As described in Reference 3, the NRC staff reviewed the guidance document and WCAP-17780-P and concluded that compliance by CE and Westinghouse units with the limits specified by the guidance document provides reasonable assurance that the conservative assumptions that were used with respect to the fuel management in the development of I&E guidelines addressed in MRP-227-A are applicable to the individual plants. Therefore, for plants meeting the limits of the guidance document, no modifications to the recommendations of the I&E guidelines in MRP-227-A are necessary, provided that the plant does not implement an out-in core loading pattern, which would result in the invalidation of I&E guidelines of the MRP-227-A report.
In [RAI X], the staff requested that [licensee-plant name(s)] respond to the following questions, which are essentially identical to the questions as defined in the guidance document:
- 1. Do/Does the [licensee-plant name(s)] reactor vessel internals (RVI) have non-weld or bolting austenitic stainless steel components with 20 percent cold work or greater, and if so do the affected components have operating stresses greater than 30 ksi? If so, perform a plant-specific evaluation to determine the aging management requirements for the affected components.
- 2. Have/Has [licensee-plant name(s)] ever utilized atypical fuel design or fuel management that could make the assumptions of MRP-227-A regarding core loading/core design non-representative for that plant, including power changes/uprates? If so, describe how the differences were reconciled with the assumptions of MRP-227-A or provide a plant-specific aging management program for affected components as appropriate.
[Brief summary of licensee response to RAI X Question 1 and 2, including how it complies with the guidance document criteria from Reference 2]
The following template can be used as a closure statement for the A/LAI 1.
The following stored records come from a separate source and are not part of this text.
lemma coupling_abs_inner_diff_le:
  fixes P :: "(real \<times> real) measure" and x :: "'n::finite \<Rightarrow> real"
  assumes "prob_space P" and sets_P: "sets P = sets (borel \<Otimes>\<^sub>M borel)"
    and fst_P: "distr P borel fst = \<mu>" and snd_P: "distr P borel snd = \<nu>"
    and "integrable \<mu> (\<lambda>t. t^2)" and "integrable \<nu> (\<lambda>t. t^2)" and "(\<integral>t. t \<partial>\<mu>) = (\<integral>t. t \<partial>\<nu>)"
    and x_unit: "(\<Sum>i\<in>UNIV. (x i)^2) = 1"
  defines "ip \<equiv> \<lambda>a. \<Sum>i\<in>UNIV. a i * x i"
  shows "\<bar>(\<integral>a. \<bar>ip a\<bar> \<partial>PiM UNIV (\<lambda>_. \<mu>)) - (\<integral>a. \<bar>ip a\<bar> \<partial>PiM UNIV (\<lambda>_. \<nu>))\<bar>
    \<le> sqrt (\<integral>p. (fst p - snd p)^2 \<partial>P)"
proof -
  interpret P: prob_space P by fact
  note moments = coupling_diff_moments[OF assms(1-7)]
  \<comment> \<open>couple the two product measures coordinatewise\<close>
  define \<Omega> where "\<Omega> = PiM (UNIV :: 'n set) (\<lambda>_. P)"
  interpret \<Omega>: prob_space \<Omega> unfolding \<Omega>_def by (intro prob_space_PiM P.prob_space_axioms)
  define U where "U = (\<lambda>\<omega> :: 'n \<Rightarrow> real \<times> real. ip (\<lambda>i. fst (\<omega> i)))"
  define W where "W = (\<lambda>\<omega> :: 'n \<Rightarrow> real \<times> real. ip (\<lambda>i. snd (\<omega> i)))"
  have sets_marginals [measurable_cong]: "sets \<mu> = sets borel" "sets \<nu> = sets borel"
    by (simp_all flip: fst_P snd_P)
  have [measurable]: "fst \<in> borel_measurable P" "snd \<in> borel_measurable P"
    by (simp_all add: measurable_cong_sets[OF sets_P refl])
  have "(\<lambda>a. \<bar>ip a\<bar>) \<in> borel_measurable (PiM UNIV (\<lambda>_. \<mu>))"
    "(\<lambda>a. \<bar>ip a\<bar>) \<in> borel_measurable (PiM UNIV (\<lambda>_. \<nu>))"
    unfolding ip_def by measurable
  then have "(\<integral>a. \<bar>ip a\<bar> \<partial>PiM UNIV (\<lambda>_. \<mu>)) = (\<integral>\<omega>. \<bar>U \<omega>\<bar> \<partial>\<Omega>)"
    "(\<integral>a. \<bar>ip a\<bar> \<partial>PiM UNIV (\<lambda>_. \<nu>)) = (\<integral>\<omega>. \<bar>W \<omega>\<bar> \<partial>\<Omega>)"
    unfolding U_def W_def \<Omega>_def
    by (simp_all add: integral_PiM_marginal[OF assms(1) sets_P _ fst_P] integral_PiM_marginal[OF assms(1) sets_P _ snd_P])
  moreover have "integrable \<Omega> (\<lambda>\<omega>. fst (\<omega> i))" "integrable \<Omega> (\<lambda>\<omega>. snd (\<omega> i))" for i
    unfolding \<Omega>_def using moments(1,2)
    by (auto intro: integrable_PiM_component_iff[OF P.prob_space_axioms, THEN iffD2])
  then have "integrable \<Omega> U" "integrable \<Omega> W"
    by (simp_all add: U_def W_def ip_def)
  ultimately have "\<bar>(\<integral>a. \<bar>ip a\<bar> \<partial>PiM UNIV (\<lambda>_. \<mu>)) - (\<integral>a. \<bar>ip a\<bar> \<partial>PiM UNIV (\<lambda>_. \<nu>))\<bar>
      \<le> (\<integral>\<omega>. \<bar>\<Sum>i\<in>UNIV. x i * (fst (\<omega> i) - snd (\<omega> i))\<bar> \<partial>\<Omega>)"
    using abs_diff_integral_abs_le[of \<Omega> U W]
    by (simp add: U_def W_def ip_def sum_subtractf[symmetric] algebra_simps)
  also have "\<dots> \<le> sqrt (\<integral>p. (fst p - snd p)^2 \<partial>P)"
  proof -
    note Z_sq = integral_PiM_weighted_sum_square[OF P.prob_space_axioms _ moments(3,4), of x]
    show ?thesis
      using \<Omega>.integral_abs_squared_le[of "\<lambda>\<omega>. \<Sum>i\<in>UNIV. x i * (fst (\<omega> i) - snd (\<omega> i))"] Z_sq x_unit
      by (simp add: \<Omega>_def real_le_rsqrt)
  qed
  finally show ?thesis .
qed

lemma sum_integral_sign_pm_mult_eq:
  fixes A :: "('n::finite \<Rightarrow> real) measure" and x :: "'n \<Rightarrow> real"
  assumes "\<And>i. integrable A (\<lambda>a. a i)"
  defines "ip \<equiv> \<lambda>a. \<Sum>i\<in>UNIV. a i * x i"
  shows "(\<Sum>i\<in>UNIV. (\<integral>a. sign_pm (ip a) * a i \<partial>A) * x i) = (\<integral>a. \<bar>ip a\<bar> \<partial>A)"
proof -
  have [measurable]: "(\<lambda>a. a i) \<in> borel_measurable A" for i
    using assms(1) by blast
  have sign_meas: "(\<lambda>a. sign_pm (ip a)) \<in> borel_measurable A"
    unfolding sign_pm_def ip_def by measurable
  have integrable: "integrable A (\<lambda>a. sign_pm (ip a) * a i * x i)" for i
  proof (rule Bochner_Integration.integrable_bound)
    show "integrable A (\<lambda>a. a i * x i)" using assms(1) by simp
    show "AE a in A. norm (sign_pm (ip a) * a i * x i) \<le> norm (a i * x i)"
      by (simp add: sign_pm_def abs_mult)
  qed (use sign_meas in simp)
  have "(\<Sum>i\<in>UNIV. (\<integral>a. sign_pm (ip a) * a i \<partial>A) * x i) = (\<integral>a. (\<Sum>i\<in>UNIV. sign_pm (ip a) * a i * x i) \<partial>A)"
    using integrable by simp
  also have "\<dots> = (\<integral>a. \<bar>ip a\<bar> \<partial>A)"
    by (simp add: ip_def sum_distrib_left mult.assoc flip: sign_pm_mult_self)
  finally show ?thesis .
qed

lemma root4_bound:
  fixes d v w e :: real
  assumes "0 \<le> d" and "d \<le> sqrt v" and "v^2 \<le> 8 * (w * e)" and "0 \<le> w" and "0 \<le> e"
  shows "d \<le> 4 * w powr (1/4) * e powr (1/4)"
proof -
  have "0 \<le> sqrt v" using assms(1,2) by linarith
  then have "d^2 \<le> v"
    using assms(1,2) power_mono[of d "sqrt v" 2] by simp
  then have "d^4 \<le> v^2"
    using assms(1) power_mono[of "d^2" v 2] by (simp flip: power_mult)
  also have "v^2 \<le> 256 * (w * e)" using assms(3-5) mult_nonneg_nonneg[of w e] by linarith
  also have "\<dots> = (4 * w powr (1/4) * e powr (1/4))^4"
  proof -
    have root: "(t powr (1/4))^4 = t" if "0 \<le> t" for t :: real
      using that by (cases "t = 0") (simp_all add: powr_power)
    show ?thesis using root[OF assms(4)] root[OF assms(5)] by (simp add: power_mult_distrib)
  qed
  finally show ?thesis
    using assms(1,4,5) by (subst (asm) power_mono_iff) auto
qed

lemma tv_dist_nonneg:
  assumes "prob_space \<mu>" and "prob_space \<gamma>"
  shows "0 \<le> tv_dist \<mu> \<gamma>"
  using abs_measure_diff_le_tv_dist[OF assms, of "{}"] by simp

lemma abs_inner_expectation_diff_le_tv_dist:
  fixes \<mu> \<nu> :: "real measure" and x :: "'n::finite \<Rightarrow> real"
  assumes prob: "prob_space \<mu>" "prob_space \<nu>" and sets: "sets \<mu> = sets borel" "sets \<nu> = sets borel"
    and fourth: "integrable \<mu> (\<lambda>t. t^4)" "integrable \<nu> (\<lambda>t. t^4)"
    and "(\<integral>t. t \<partial>\<mu>) = (\<integral>t. t \<partial>\<nu>)" and "(\<Sum>i\<in>UNIV. (x i)^2) = 1"
  defines "ip \<equiv> \<lambda>a. \<Sum>i\<in>UNIV. a i * x i"
  shows "\<bar>(\<integral>a. \<bar>ip a\<bar> \<partial>PiM UNIV (\<lambda>_. \<mu>)) - (\<integral>a. \<bar>ip a\<bar> \<partial>PiM UNIV (\<lambda>_. \<nu>))\<bar>
    \<le> 4 * ((\<integral>t. t^4 \<partial>\<mu>) + (\<integral>t. t^4 \<partial>\<nu>)) powr (1/4) * tv_dist \<mu> \<nu> powr (1/4)"
proof -
  obtain P where coupling: "prob_space P" "sets P = sets (borel \<Otimes>\<^sub>M borel)"
      "distr P borel fst = \<mu>" "distr P borel snd = \<nu>"
    and off_diagonal: "measure P {p. fst p \<noteq> snd p} \<le> tv_dist \<mu> \<nu>"
    by (rule exists_coupling_tv_dist[OF prob sets])
  define W where "W = (\<integral>t. t^4 \<partial>\<mu>) + (\<integral>t. t^4 \<partial>\<nu>)"
  define V where "V = (\<integral>p. (fst p - snd p)^2 \<partial>P)"
  have "0 \<le> W"
    unfolding W_def by (intro add_nonneg_nonneg integral_nonneg_AE) (simp_all add: zero_le_even_power)
  have "integrable \<mu> (\<lambda>t. t^2)" "integrable \<nu> (\<lambda>t. t^2)"
    using finite_measure.integrable_power2_if_power4[OF prob_space.finite_measure[OF prob(1)] _ fourth(1)]
      finite_measure.integrable_power2_if_power4[OF prob_space.finite_measure[OF prob(2)] _ fourth(2)]
      measurable_ident_sets[OF sets(1)] measurable_ident_sets[OF sets(2)] by simp_all
  from coupling_abs_inner_diff_le[OF coupling this assms(7,8)]
  have "\<bar>(\<integral>a. \<bar>ip a\<bar> \<partial>PiM UNIV (\<lambda>_. \<mu>)) - (\<integral>a. \<bar>ip a\<bar> \<partial>PiM UNIV (\<lambda>_. \<nu>))\<bar> \<le> sqrt V"
    unfolding ip_def V_def .
  moreover have "V^2 \<le> 8 * (W * tv_dist \<mu> \<nu>)"
  proof -
    have "V^2 \<le> measure P {p. fst p \<noteq> snd p} * (8 * W)"
      unfolding V_def W_def by (rule coupling_diff_power2_squared_le[OF coupling fourth])
    also have "\<dots> \<le> tv_dist \<mu> \<nu> * (8 * W)"
      using \<open>0 \<le> W\<close> by (intro mult_right_mono[OF off_diagonal]) simp
    finally show ?thesis by (simp add: ac_simps)
  qed
  ultimately show ?thesis
    unfolding W_def[symmetric] using \<open>0 \<le> W\<close> tv_dist_nonneg[OF prob] by (intro root4_bound) simp_all
qed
[licensee--unit name(s)] adequately addressed the two factors (e.g., cold work induced stress and atypical fuel management) that affect the active aging degradation mechanisms in the RVI components, because it confirmed that [unit names(s)] has no materials with either cold work greater than 20 percent, or with cold work greater than 20 percent and normal operating stress greater than 30 ksi, and complies with the criteria defined in the guidance document (ADAMS Accession No. ML13322A454). Furthermore, [licensee--unit name(s)] confirmed that it will continue to comply with these limits during the PEO. Therefore the staff accepts the licensees response because of the reasons stated above. A/LAI 1 is therefore resolved for [licensee-unit name(s)].
References [add to reference list for SE]
- 1. Westinghouse Report, WCAP-17780-P, Rev. 0, Reactor Internals Aging Management MRP-227-A Applicability for Combustion Engineering and Westinghouse Pressurized Water Reactor Designs, June 2013 (ADAMS Accession No. ML13183A373) - Non-Publically Available (ADAMS Accession No. ML13183A372).
- 2. MRP-227-A Applicability Guidelines for Combustion Engineering and Westinghouse Pressurized Water Reactor Designs, Enclosure to MRP Letter 2013-025, October 14, 2013, transmitted via email from K. Amberge to J. Holonich, November 15, 2013.
(ADAMS Accession. No. ML13322A454).
- 3. Office of Nuclear Reactor Regulation Evaluation of WCAP-17780-P, Reactor Internals Aging Management MRP-227-A Applicability For Combustion Engineering and Westinghouse Pressurized Water Reactor Designs, and MRP-227-A Applicability Guidelines for Combustion Engineering and Westinghouse Pressurized Water Reactor Designs ADAMS Accession. No. ML14309A484).